Does this sound like a system that is serving our children? If we’re honest, we’ll acknowledge that we can, and must, do better.
So what is the path forward for our children and our public schools? Open Enrollment and School Choice. Children and families need real choice to pick any school or any program anywhere so that they have the best possible outcome. Choice and healthy competition will result in positive outcomes for both our students and our public schools. School choice has existed in other states for decades, and as a result, we have a significant body of data to prove this. In a 2016 review of empirical research, fourteen out of eighteen studies on school choice participant outcomes found academic improvement, thirty-one out of thirty-three found school choice raised outcomes for public school students, and nine out of ten studies found that school choice resulted in less segregated schools.

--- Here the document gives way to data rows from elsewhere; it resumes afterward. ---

lemma card_span_independent_bit:
  fixes B :: "(bit ^ 'n) set"
  assumes "vec.independent B"
  shows "card (vec.span B) = 2 ^ card B"
proof -
  have "finite B"
    using assms by (rule vec.finiteI_independent)
  then show ?thesis
    using assms
  proof (induction B rule: finite_induct)
    case (insert b B)
    then have "vec.independent B" "b \<notin> vec.span B"
      by (auto simp: vec.independent_insert)
    then have "card (vec.span B \<union> (+) b ` vec.span B) = 2 * card (vec.span B)"
      by (subst card_Un_disjoint)
        (auto simp: card_image subspace_disjoint_translate[OF vec.subspace_span])
    then show ?case
      using insert by (simp add: span_insert_bit \<open>vec.independent B\<close>)
  qed simp
qed

lemma card_subspace_bit:
  fixes S :: "(bit ^ 'n) set"
  assumes "vec.subspace S"
  shows "card S = 2 ^ vec.dim S"
proof -
  obtain B where "vec.independent B" "vec.span B = S" "card B = vec.dim S"
    using vec.basis_subspace_exists[OF assms] by metis
  then show ?thesis
    using card_span_independent_bit by metis
qed

lemma half_subspace_add_outside:
  fixes H :: "(bit ^ 'n) set"
  assumes "vec.subspace H" "2 * card H = CARD(bit ^ 'n)" "x \<notin> H" "y \<notin> H"
  shows "x + y \<in> H"
proof -
  have "card (H \<union> (+) x ` H) = CARD(bit ^ 'n)"
    using assms by (subst card_Un_disjoint) (auto simp: card_image subspace_disjoint_translate)
  then have "H \<union> (+) x ` H = UNIV"
    by (simp add: card_eq_UNIV_imp_eq_UNIV)
  then obtain h where "h \<in> H" "y = x + h"
    using assms(4) by blast
  then show ?thesis
    by (simp flip: add.assoc)
qed
(* Let $q \geq 1$ and $n \geq 5$ be integers. Let $G_{n} := (\mathbb{Z}/2\mathbb{Z})^{qn} \times (\mathbb{Z}/4\mathbb{Z})^{qn}$ and $H_{n} := (\mathbb{Z}/2\mathbb{Z})^{q(n-2)} \times (\mathbb{Z}/4\mathbb{Z})^{q(n+1)}$. Then Duplicator has a winning strategy in the $q$-ary count-free pebble game on $(G_n, H_n)$ with $qn/4$ pebble pairs.
   Context: The $q$-ary count-free $m$-pebble game on finite groups $G, H$ is played by Spoiler and Duplicator with $m$ pebble pairs $(p_i, p_i')$. If $|G| \neq |H|$, Spoiler wins immediately. Each round proceeds as follows: (1) Spoiler picks up $d$ pebble pairs, where $1 \le d \le q$; (2) the winning condition is checked; (3) Spoiler places the $d$ chosen pebbles from one side on $d$ elements of one of the groups (of his choice), and then Duplicator places the corresponding partner pebbles on $d$ elements of the other group. Winning condition: if $g_1, \ldots, g_m$ are the pebbled elements of $G$ and $h_1, \ldots, h_m$ the corresponding pebbled elements of $H$, Spoiler wins if the map $g_i \mapsto h_i$ does not extend to an isomorphism $\langle g_1, \ldots, g_m\rangle \to \langle h_1, \ldots, h_m\rangle$; otherwise play continues. Duplicator has a winning strategy if she can prevent Spoiler from ever winning, for any number of rounds. *)

theory Defs
  imports "HOL-Algebra.Algebra"
begin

This kind of competition has the potential to make Oregon’s public schools so attractive and top notch that people will stand in line to attend, similar to the charter school effect. Oregon charter schools only get 80% of the funding of a public district school, but they’ve learned to run creatively and efficiently. Parents regularly wait in a lottery for a spot for their child in one of these schools! When our students from different high schools in Salem Keizer are given real choice to choose the CTEC program, and come from different zip codes to attend this program, we have excellent outcomes with nearly 99% graduation and no behavioral problems..
Children and parents can’t wait until public schools can become safer and return to a focus on high quality education. We need a paradigm shift that places the interests of our children squarely in the center of education solutions.
Open Enrollment and School Choice offer real equity. It’s time to stop tying our children to their zip code. It’s time to stop dividing our schools into the “haves” and “have nots.” It’s time to ensure personalized education and strong outcomes so our next generation has the best chance at becoming productive and contributing citizens. Our children can’t wait until we get our act together. Let’s put Open Enrollment and School Choice on November’s ballot.
Satya Chandragiri MD is a Salem-Keizer School Board Director for Zone 4, a board-certified psychiatrist, an immigrant, and father of Oregon public school graduates. He resides in Salem with his family.